As an example of the challenges HUD faces, the department's 2010 review of the state of Louisiana's Road Home Elevation Program, established after Hurricane Katrina, revealed that ‘most homeowners had not elevated their homes, even though they received grants of up to $30,000 in 2006 and 2007 to pay toward the construction costs.’

‘Seventy-nine percent of the inspected homes (158 of 199 properties) were not elevated. These noncompliant homeowners received grant funds exceeding $3.8 million,’ Montoya said in the report. ‘Interviews with homeowners who had not elevated their homes revealed a lack of understanding about the obligations set out in the grant agreements.’

A follow-up review earlier this year revealed that ‘a total of 24,042 homeowners had not elevated their homes, were non-compliant, were non-responsive or did not provide sufficient documentation to support that they had elevated their homes.
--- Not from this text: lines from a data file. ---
lemma prod_one_minus_half_powers_bounds:
  "(\<Prod>k<m. 1 - (1/2::real) ^ Suc k) * (1 - (1/2) ^ m) \<le> (\<Prod>k<m + d. 1 - (1/2::real) ^ Suc k)"
  "(\<Prod>k<m + d. 1 - (1/2::real) ^ Suc k) \<le> (\<Prod>k<m. 1 - (1/2::real) ^ Suc k)"
proof -
  let ?f = "\<lambda>k. 1 - (1/2::real) ^ Suc k"
  have factor_bounds: "0 \<le> ?f k \<and> ?f k \<le> 1" for k
    using power_le_one[of "1/2::real" "Suc k"] by simp
  have split: "prod ?f {..<m + d} = prod ?f {..<m} * prod ?f {m..<m + d}"
    by (simp add: atLeast0LessThan[symmetric] prod.atLeastLessThan_concat)
  have "1 - (1/2) ^ m \<le> 1 - (\<Sum>k\<in>{m..<m + d}. (1/2::real) ^ Suc k)"
    unfolding sum_half_powers by simp
  also have "\<dots> \<le> prod ?f {m..<m + d}"
    by (rule Weierstrass_prod_ineq) (use factor_bounds in auto)
  finally have "prod ?f {..<m} * (1 - (1/2) ^ m) \<le> prod ?f {..<m} * prod ?f {m..<m + d}"
    using factor_bounds by (intro mult_left_mono prod_nonneg) auto
  then show "prod ?f {..<m} * (1 - (1/2) ^ m) \<le> prod ?f {..<m + d}"
    by (simp only: split)
  have "prod ?f {..<m} * prod ?f {m..<m + d} \<le> prod ?f {..<m}"
    using factor_bounds by (intro mult_right_le_one_le prod_nonneg prod_le_1) auto
  then show "prod ?f {..<m + d} \<le> prod ?f {..<m}"
    by (simp only: split)
qed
Therefore, the state did not have conclusive evidence that the $698.5 million in CDBG Disaster Recovery funds had been used to elevate homes.’

Montoya's testimony points to the difficulties HUD faces in tracking disaster relief funds as they are disbursed through state channels.
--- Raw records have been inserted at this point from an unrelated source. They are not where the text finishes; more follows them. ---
lemma nb_laplace_add_mset_le:
  assumes pos: "0 < nb_laplace v m S xt yt"
  shows "nb_laplace v m (add_mset (xt, yt) S) x y
    \<le> max 1 (nb_laplace v m (add_mset (xt, yt) S) xt yt / nb_laplace v m S xt yt)
        * nb_laplace v m S x y"
proof (cases "y = yt")
  case True
  then have "nb_laplace v m (add_mset (xt, yt) S) x y
      \<le> nb_laplace v m (add_mset (xt, yt) S) xt yt / nb_laplace v m S xt yt * nb_laplace v m S x y"
    using nb_laplace_same_label_cross_le[of v m xt yt S x] pos by (simp add: field_simps)
  also have "\<dots> \<le> max 1 (nb_laplace v m (add_mset (xt, yt) S) xt yt / nb_laplace v m S xt yt)
      * nb_laplace v m S x y"
    by (intro mult_right_mono nb_laplace_nonneg) simp
  finally show ?thesis .
next
  case False
  have "nb_laplace v m (add_mset (xt, yt) S) x y \<le> 1 * nb_laplace v m S x y"
    unfolding nb_laplace_add_mset_other_label[OF False]
    by (intro mult_right_mono nb_laplace_nonneg) simp
  also have "\<dots> \<le> max 1 (nb_laplace v m (add_mset (xt, yt) S) xt yt / nb_laplace v m S xt yt)
      * nb_laplace v m S x y"
    by (intro mult_right_mono nb_laplace_nonneg) simp
  finally show ?thesis .
qed

lemma nb_laplace_le_add_mset:
  fixes k :: nat
  assumes "1 \<le> m" "1 \<le> v" "0 < k" "k \<le> n_label (add_mset (xt, yt) S) yt"
  shows "nb_laplace v m S x y
    \<le> ((real k + v) / k) ^ (m - 1) * ((real (size S) + 1) / real (size S))
        * nb_laplace v m (add_mset (xt, yt) S) x y"
    (is "_ \<le> ?q ^ (m - 1) * ?N * _")
proof (cases "y = yt")
  case True
  define n where "n = real (n_label S yt)"
  have "(n + 1 + v) / (n + v) \<le> (n + 1 + v) / (n + 1)"
    using assms(2) by (intro divide_left_mono) (auto simp: n_def)
  also have "\<dots> \<le> ?q"
  proof -
    have "real k * v \<le> (n + 1) * v"
      using assms(4) by (intro mult_right_mono) (simp_all add: n_def)
    then show ?thesis using assms(3) by (simp add: n_def field_simps)
  qed
  finally have "((n + 1 + v) / (n + v)) ^ (m - 1) \<le> ?q ^ (m - 1)"
    by (rule power_mono) (simp add: n_def)
  then have "((n + 1 + v) / (n + v)) ^ (m - 1) * ?N * nb_laplace v m (add_mset (xt, yt) S) x y
      \<le> ?q ^ (m - 1) * ?N * nb_laplace v m (add_mset (xt, yt) S) x y"
    by (intro mult_right_mono nb_laplace_nonneg) auto
  with nb_laplace_le_add_mset_same_label[OF assms(1), of v S x y xt] True
  show ?thesis by (simp add: n_def)
next
  case False
  have "nb_laplace v m S x y = ?N * nb_laplace v m (add_mset (xt, yt) S) x y"
  proof (cases "S = {#}")
    case True
    then show ?thesis by (simp add: nb_laplace_def n_label_def)
  next
    case False
    then show ?thesis by (simp add: nb_laplace_add_mset_other_label[OF \<open>y \<noteq> yt\<close>])
  qed
  also have "\<dots> \<le> ?q ^ (m - 1) * ?N * nb_laplace v m (add_mset (xt, yt) S) x y"
  proof (intro mult_right_mono nb_laplace_nonneg)
    have "1 \<le> ?q ^ (m - 1)"
      using assms(3) by (intro one_le_power) simp
    then show "?N \<le> ?q ^ (m - 1) * ?N"
      using mult_right_mono[of 1 "?q ^ (m - 1)" ?N] by simp
  qed
  finally show ?thesis .
qed

lemma nb_laplace_diff_singleton_le:
  fixes k :: nat
  assumes t: "t \<in># T" and "1 \<le> m" "1 \<le> v" "0 < k" "k \<le> n_label T (snd t)"
  shows "nb_laplace v m (T - {#t#}) x y
    \<le> (real (k + v) / real k) ^ (m - 1) * (real (size T) / (real (size T) - 1))
        * nb_laplace v m T x y"
proof -
  have T: "add_mset (fst t, snd t) (T - {#t#}) = T"
    using t by simp
  have "size T = size (T - {#t#}) + 1"
    using t by (metis insert_DiffM size_add_mset Suc_eq_plus1)
  then have N: "real (size T) / (real (size T) - 1)
      = (real (size (T - {#t#})) + 1) / real (size (T - {#t#}))"
    by simp
  show ?thesis
    using nb_laplace_le_add_mset [OF assms(2-4), of "fst t" "snd t" "T - {#t#}" x y] assms(5)
    unfolding T N of_nat_add by simp
qed

lemma nb_laplace_le_diff_singleton:
  assumes "t \<in># T" and "0 < nb_laplace v m (T - {#t#}) (fst t) (snd t)"
  shows "nb_laplace v m T x y \<le> max 1 (nb_laplace v m T (fst t) (snd t)
      / nb_laplace v m (T - {#t#}) (fst t) (snd t)) * nb_laplace v m (T - {#t#}) x y"
proof -
  have "add_mset (fst t, snd t) (T - {#t#}) = T"
    using assms(1) by simp
  then show ?thesis
    using nb_laplace_add_mset_le [OF assms(2), of x y] by simp
qed

theorem mainTheorem4:
  fixes T :: "('x, 'y) dataset" and m v :: nat and D :: "nat \<Rightarrow> 'x set" and Y :: "'y set"
  assumes "finite Y"
    and "1 \<le> m"
    and "2 \<le> size T"
    and "\<forall>i<m. finite (D i) \<and> card (D i) \<le> v"
    and "\<forall>r\<in>#T. fst r \<in> record_space m D \<and> snd r \<in> Y"
  shows "delta_training_stable (nb_laplace v m)
           ((real (Min (n_label T ` snd ` set_mset T) + v)
               / real (Min (n_label T ` snd ` set_mset T))) ^ (m - 1)
             * (real (size T) / (real (size T) - 1)))
           T (record_space m D) Y"
proof -
  define k where "k = Min (n_label T ` snd ` set_mset T)"
  have T: "T \<noteq> {#}"
    using assms(3) by auto
  then obtain t0 where "t0 \<in># T"
    by blast
  then have v: "1 \<le> v"
    using one_le_card_bound [OF assms(2,4)] assms(5) by blast
  have k: "0 < k" and k_le: "\<And>t. t \<in># T \<Longrightarrow> k \<le> n_label T (snd t)"
    unfolding k_def using Min_n_label_pos [OF T] by auto
  show ?thesis
    unfolding k_def [symmetric]
  proof (rule delta_training_stableI [OF _ nb_laplace_nonneg])
    have "1 \<le> (real (k + v) / real k) ^ (m - 1)"
      using k by (intro one_le_power) simp
    moreover have "1 < real (size T) / (real (size T) - 1)"
      using assms(3) by simp
    ultimately show "1 < (real (k + v) / real k) ^ (m - 1) * (real (size T) / (real (size T) - 1))"
      by (subst mult.commute) (rule less_1_mult')
  next
    fix t x y
    assume t: "t \<in># T"
    show "nb_laplace v m (T - {#t#}) x y \<le> (real (k + v) / real k) ^ (m - 1)
        * (real (size T) / (real (size T) - 1)) * nb_laplace v m T x y"
      by (rule nb_laplace_diff_singleton_le [OF t assms(2) v k k_le [OF t]])
    show "nb_laplace v m T x y \<le> max 1 (nb_laplace v m T (fst t) (snd t)
          / nb_laplace v m (T - {#t#}) (fst t) (snd t)) * nb_laplace v m (T - {#t#}) x y"
      if "0 < nb_laplace v m (T - {#t#}) (fst t) (snd t)"
      using nb_laplace_le_diff_singleton [OF t that] .
  qed
qed

end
Montoya also addressed the shortfalls in managing the FHA's Mutual Mortgage Insurance (MMI) Fund, which has also been ravaged by fraud in recent years. ‘Our results to date have shown high percentage of loans reviewed containing multiple significant deficiencies that should not have been underwritten,’ Montoya said. ‘The reviews completed to date have resulted in a total of $1.24 billion in civil settlements for alleged violations of the False Claim Acts and for failure to fully comply with FHA requirements. The loan level reviews my office has been conducting, and which have resulted in large civil fraud settlements with major lenders, is a responsibility we would expect HUD to be doing itself as part of its inherent program oversight and risk management.’

Montoya said for the past four years, the MMI fund has failed to meet its legislatively mandated 2% capital ratio and, as of November last year, had reached a ‘negative economic value of $16.3 billion.’
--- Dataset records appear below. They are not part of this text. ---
lemma real_polynomial_function_trig_polynomial:
  fixes g :: "complex \<Rightarrow> real"
  assumes "real_polynomial_function g"
  shows "trig_polynomial (\<lambda>t. of_real (g (iexp t)))"
  using assms
proof induction
  case (linear g)
  define a where "a = complex_of_real (g 1)"
  define b where "b = complex_of_real (g \<i>)"
  have g_eq: "g z = Re z * g 1 + Im z * g \<i>" for z
  proof -
    have "z = Re z *\<^sub>R 1 + Im z *\<^sub>R \<i>" by (simp add: complex_eq_iff)
    then have "g z = g (Re z *\<^sub>R 1 + Im z *\<^sub>R \<i>)" by (rule arg_cong)
    also have "\<dots> = Re z * g 1 + Im z * g \<i>"
      using bounded_linear.linear[OF linear] by (simp add: linear_add linear_scale)
    finally show ?thesis .
  qed
  have "complex_of_real (g (iexp t)) =
      (a - \<i> * b) / 2 * iexp (of_int 1 * t) + (a + \<i> * b) / 2 * iexp (of_int (-1) * t)" for t
  proof -
    have "complex_of_real (g (iexp t)) = of_real (cos t) * a + of_real (sin t) * b"
      unfolding g_eq[of "iexp t"] a_def b_def by (simp add: Re_exp Im_exp)
    also have "\<dots> = (a - \<i> * b) / 2 * iexp (of_int 1 * t) + (a + \<i> * b) / 2 * iexp (of_int (-1) * t)"
    proof -
      have cos: "complex_of_real (cos t) = (iexp t + exp (- (\<i> * of_real t))) / 2"
        using cos_exp_eq[of "of_real t"] by (simp add: cos_of_real)
      have sin: "complex_of_real (sin t) = \<i> * (exp (- (\<i> * of_real t)) - iexp t) / 2"
        using sin_exp_eq'[of "of_real t"] by (simp add: sin_of_real)
      show ?thesis
        unfolding cos sin by (simp add: diff_divide_distrib add_divide_distrib algebra_simps)
    qed
    finally show ?thesis .
  qed
  then show ?case
    by (simp only: trig_polynomial.add trig_polynomial.scale trig_polynomial.char)
next
  case (const c)
  then show ?case by (simp add: trig_polynomial_const)
next
  case (add f g)
  then show ?case by (simp add: trig_polynomial.add)
next
  case (mult f g)
  then show ?case by (simp add: trig_polynomial_mult)
qed

lemma integrable_mult_trig_polynomial:
  assumes "integrable circle_measure h" and "trig_polynomial \<phi>"
  shows "integrable circle_measure (\<lambda>t. h t * \<phi> t)"
proof -
  obtain B where "\<And>t. norm (\<phi> t) \<le> B" using trig_polynomial_bounded[OF assms(2)] by blast
  moreover have "\<phi> \<in> borel_measurable borel"
    using trig_polynomial_continuous[OF assms(2)] by (rule borel_measurable_continuous_onI)
  ultimately show ?thesis using assms(1) by (intro integrable_mult_bounded) auto
qed

lemma integral_mult_trig_polynomial_eq_0:
  assumes h: "integrable circle_measure h" and coeff: "\<And>m. circle_coeff h m = 0"
    and "trig_polynomial \<phi>"
  shows "(\<integral>t. h t * \<phi> t \<partial>circle_measure) = 0"
  using assms(3)
proof induction
  case (char k)
  then show ?case using coeff[of "-k"] by (simp add: circle_coeff_def)
next
  case (scale \<phi> c)
  then show ?case by (simp add: mult.left_commute[of _ c])
next
  case (add \<phi> \<psi>)
  then show ?case
    using integrable_mult_trig_polynomial[OF h] by (simp add: distrib_left)
qed

lemma integral_mult_continuous_eq_0:
  fixes \<psi> :: "complex \<Rightarrow> real"
  assumes h: "integrable circle_measure h" and coeff: "\<And>m. circle_coeff h m = 0"
    and \<psi>: "continuous_on (sphere 0 1) \<psi>"
  shows "(\<integral>t. h t * of_real (\<psi> (iexp t)) \<partial>circle_measure) = 0"
proof -
  have "continuous_on UNIV (\<lambda>t::real. iexp t)" by (intro continuous_intros)
  then have "continuous_on UNIV (\<lambda>t. \<psi> (iexp t))"
    by (rule continuous_on_compose2[OF \<psi>]) auto
  then have meas: "(\<lambda>t. \<psi> (iexp t)) \<in> borel_measurable borel"
    by (rule borel_measurable_continuous_onI)
  have "bounded (\<psi> ` sphere 0 1)"
    by (rule compact_imp_bounded[OF compact_continuous_image[OF \<psi> compact_sphere]])
  then obtain B where B: "\<forall>z\<in>sphere 0 1. norm (\<psi> z) \<le> B"
    unfolding bounded_iff by blast
  have int_\<psi>: "integrable circle_measure (\<lambda>t. h t * of_real (\<psi> (iexp t)))"
    using meas B by (intro integrable_mult_bounded[OF h]) auto
  define I where "I = (\<integral>t. h t * of_real (\<psi> (iexp t)) \<partial>circle_measure)"
  define C where "C = (\<integral>t. norm (h t) \<partial>circle_measure)"
  have "C \<ge> 0" unfolding C_def by simp
  have approx: "norm I \<le> e * C" if "e > 0" for e
  proof -
    obtain g where g: "polynomial_function g" "\<And>z. z \<in> sphere 0 1 \<Longrightarrow> norm (\<psi> z - g z) < e"
      using Stone_Weierstrass_polynomial_function[OF compact_sphere \<psi> \<open>e > 0\<close>] by blast
    have trig: "trig_polynomial (\<lambda>t. of_real (g (iexp t)))"
      using g(1) by (intro real_polynomial_function_trig_polynomial) (simp add: real_polynomial_function_eq)
    have "I = (\<integral>t. h t * of_real (\<psi> (iexp t)) - h t * of_real (g (iexp t)) \<partial>circle_measure)"
      using integral_mult_trig_polynomial_eq_0[OF h coeff trig]
        integrable_mult_trig_polynomial[OF h trig] int_\<psi> by (simp add: I_def)
    also have "norm \<dots> \<le> (\<integral>t. e * norm (h t) \<partial>circle_measure)"
    proof (rule Bochner_Integration.integral_norm_bound_integral)
      show "integrable circle_measure (\<lambda>t. h t * of_real (\<psi> (iexp t)) - h t * of_real (g (iexp t)))"
        using integrable_mult_trig_polynomial[OF h trig] int_\<psi> by simp
      fix t
      have "norm (\<psi> (iexp t) - g (iexp t)) \<le> e" using g(2)[of "iexp t"] by simp
      then show "norm (h t * of_real (\<psi> (iexp t)) - h t * of_real (g (iexp t))) \<le> e * norm (h t)"
        by (simp add: right_diff_distrib[symmetric] norm_mult mult.commute[of e] mult_left_mono
            of_real_diff[symmetric] del: of_real_diff)
    qed (use h in simp)
    also have "\<dots> = e * C" unfolding C_def by simp
    finally show ?thesis .
  qed
  have "norm I \<le> 0 + e" if "e > 0" for e
  proof -
    have "norm I \<le> e / (C + 1) * C" using \<open>C \<ge> 0\<close> \<open>e > 0\<close> by (intro approx) simp
    also have "\<dots> \<le> e" using \<open>C \<ge> 0\<close> \<open>e > 0\<close> by (simp add: field_simps)
    finally show ?thesis by simp
  qed
  then show ?thesis using field_le_epsilon[of "norm I" 0] by (simp add: I_def)
qed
‘Based on current projections, the capital ratio will not reach the 2% capital ratio until 2017, marking eight years below the 2% threshold,’ Montoya said, adding that the FHA, for the first time in its history, may need a government bailout in order to supplement its reserves.

He also added that HUD has been working with the Office of the Inspector General (OIG) to take steps to stem losses in the MMI fund. Auditing of lenders continues, and to date, the underwriting of thousands of FHA-insured loans has been reviewed, as has the overall FHA loan origination and underwriting practices of the selected lenders, he said.

Results of these audits have been presented to nearly all of the lenders, he added, and settlement talks have begun. Settlements and favorable court actions may result in significant recoveries, he said. In addition, a second initiative focusing on large lender compliance is currently under way.

The FHA single-family program also continues to be a major focus of the OIG, Montoya explained. During the last two semiannual reporting periods, the OIG undertook 25 audits of the program, covering about $325 million in questionable costs and nearly $800 million that may have been misused.

In addition, the OIG reviews uncovered that HUD continues to face challenges in ensuring its programs benefit eligible participants. For example, the OIG recently identified an estimated $1.06 billion in claims for 11,693 short sales that did not meet the criteria for participation in the program.

Another audit found borrowers using the Home Equity Conversion Mortgage program did not always meet residence requirements.

What's more, the OIG found through an audit that HUD did not have adequate procedures in place to ensure consistent enforcement of asset and field service manager contracts in its real estate-owned (REO) management and marketing program.

In comparing the FHA REO program with that of Fannie Mae and Freddie Mac, the Government Accountability Office found that it took 60% longer (200 versus 340 days) for FHA to liquidate a property after foreclosure. These delays that may have cost HUD as much as $400 million in additional proceeds and increased holding costs by as much as $600 million, Montoya said in his testimony.